There are some other things you could try. OPTIMIZE TABLE may help you but take less time, but I doubt it. I think internally it's implemented as a dump/reload, at least on the InnoDB side.
I have a table with about 35 million rows. each has about 35 integer values and one time value (last updated)
The table has two indexes
primary - uses two integer values from the table columns
Secondary - uses the 1st integer from the primary + another integer value.
I would like to delete old records (about 20 millions of them) according to the date field.
What is the fastest way:
1. Delete as is according the the date field?
2. Create another index by date and then delete by date.
There will be one time deletion of large portion of the data and then incremental weekly deletion of much smaller parts.
Is there another way to do it more efficiently?
it might be quicker to create a new table containing the rows you want to keep, drop the old table and then rename the new table
For weekly deletions an index on date field would speed things up.
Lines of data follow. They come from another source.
lemma Arr_le_Dep_if_queue_empty:
  assumes k: "k < n" and empty: "\<not> qnonempty n npk arr vt sent k u" and "vt u < \<tau>"
    and no_arrival: "\<And>m. enat m < npk k \<Longrightarrow> arr k m < \<tau> \<Longrightarrow> arr k m \<le> vt u"
  shows "A k \<tau> \<le> D k \<tau>"
proof -
  let ?P = "{x. x < u \<and> sent x \<and> x mod n = k}"
  have "A k \<tau> \<le> (\<Sum>m<NS k u. sz k m)"
    unfolding Arr_def
  proof (rule sum_mono2)
    show "{m. enat m < npk k \<and> arr k m < \<tau>} \<subseteq> {..<NS k u}"
      using arrived_before_head[OF k empty] no_arrival by auto
    show "0 \<le> sz k m" if "m \<in> {..<NS k u} - {m. enat m < npk k \<and> arr k m < \<tau>}" for m
      using that sz_sent_nonneg[OF k] unfolding nsent_image[symmetric] by auto
  qed simp
  also have "\<dots> = (\<Sum>x\<in>?P. sz k (NS k x))"
    unfolding nsent_image[symmetric] by (rule sum.reindex_cong[OF inj_on_subset[OF inj_on_nsent]]) auto
  also have "\<dots> \<le> D k \<tau>"
    unfolding Dep_eq_sum
  proof (rule sum_mono2[OF finite_sent_before[OF k]])
    have "et x < \<tau>" if "x < u" "sent x" for x
      using sent_transmission[OF that(2)] vt_mono[of "Suc x" u] that(1) \<open>vt u < \<tau>\<close> by simp
    then show "?P \<subseteq> {v. sent v \<and> v mod n = k \<and> et v < \<tau>}"
      by auto
  qed (use sz_sent_nonneg[OF k] in auto)
  finally show ?thesis .
qed
lemma top_term_binom_poly: "top_term (binom_poly a :: 'a::field_char_0 poly) (int a) (inverse (fact a))"
proof -
  have "top_term [:- of_nat t, 1 :: 'a:] 1 1" for t
    by (auto simp: top_term_def coeff_pCons' )
  then have "top_term (\<Prod>t<a. [:- of_nat t, 1 :: 'a:]) (\<Sum>t<a. 1) (\<Prod>t<a. 1)"
    by (intro top_term_prod)
  then show ?thesis
    unfolding binom_poly_def using top_term_smult by fastforce
qed

lemma top_term_binom_poly_mult:
  fixes p :: "'a::field_char_0 poly"
  assumes "top_term p (2 * int (i - a) - int N) c" "a \<in> {1..i}"
  shows "top_term (smult ((-1) ^ a) (pcompose (binom_poly a) [:\<alpha>, 1:]) * pcompose p [:\<beta>, 1:])
    (2 * int i - int N - 1) (if a = 1 then - c else 0)"
proof -
  let ?q = "smult ((-1) ^ a) (pcompose (binom_poly a) [:\<alpha>, 1:]) * pcompose p [:\<beta>, 1:]"
  have "top_term ?q (int a + (2 * int (i - a) - int N)) ((-1) ^ a * inverse (fact a) * c)"
    by (intro top_term_mult top_term_smult top_term_pcompose_shift top_term_binom_poly assms(1))
  moreover have "int a + (2 * int (i - a) - int N) = 2 * int i - int N - int a"
    using assms(2) by simp
  ultimately have deg: "top_term ?q (2 * int i - int N - int a) ((-1) ^ a * inverse (fact a) * c)"
    by simp
  show ?thesis
  proof (cases "a = 1")
    case False
    with assms(2) have "2 * int i - int N - int a < 2 * int i - int N - 1" by simp
    with False show ?thesis using top_term_raise[OF deg] by simp
  qed (use deg in simp)
qed

lemma coeff_one_minus_power: "coeff ([:1, -1:] ^ y) a = (-1) ^ a * (of_nat (y choose a) :: 'a::comm_ring_1)"
proof (cases "a \<le> y")
  case True
  then show ?thesis by (simp add: coeff_linear_poly_power)
next
  case False
  then have "coeff ([:1, -1 :: 'a:] ^ y) a = 0"
    by (intro coeff_eq_0 le_less_trans[OF degree_power_le]) auto
  with False show ?thesis by (simp add: binomial_eq_0)
qed

section \<open>Gaussian binomials and the alternating q-sum\<close>

lemma qpoch_Suc: "qpoch x q (Suc n) = qpoch x q n * (1 - q ^ n * x)"
  by (simp add: qpoch_def)

lemma qpoch_self_nonzero:
  assumes "\<bar>p\<bar> \<noteq> 1"
  shows "qpoch p p n \<noteq> 0"
proof -
  have "1 - p ^ j * p \<noteq> 0" for j
    using assms power_eq_1_iff[of p "Suc j"] by (auto simp: algebra_simps)
  then show ?thesis by (simp add: qpoch_def)
qed

lemma qbinom_0_right: "\<bar>p\<bar> \<noteq> 1 \<Longrightarrow> qbinom N 0 p = 1"
  using qpoch_self_nonzero[of p N] by (simp add: qbinom_def qpoch_def)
Fastest (but not easiest) - i think - is to keep your records segmented into multiple
tables based on date, e.g. given week, and then have a union table of all those tables for the regular queries across the whole thing (so your queries would be unaltered). You would each week, create new tables and redefine the union table.
When you wish to drop old records, you simply recreate the union table to leave the records in the old tables out, and then drop those left out (remember to truncate before you drop depending on you filesystem). This is probably the fastest way to get there with MySQL.
A mess to manage though :)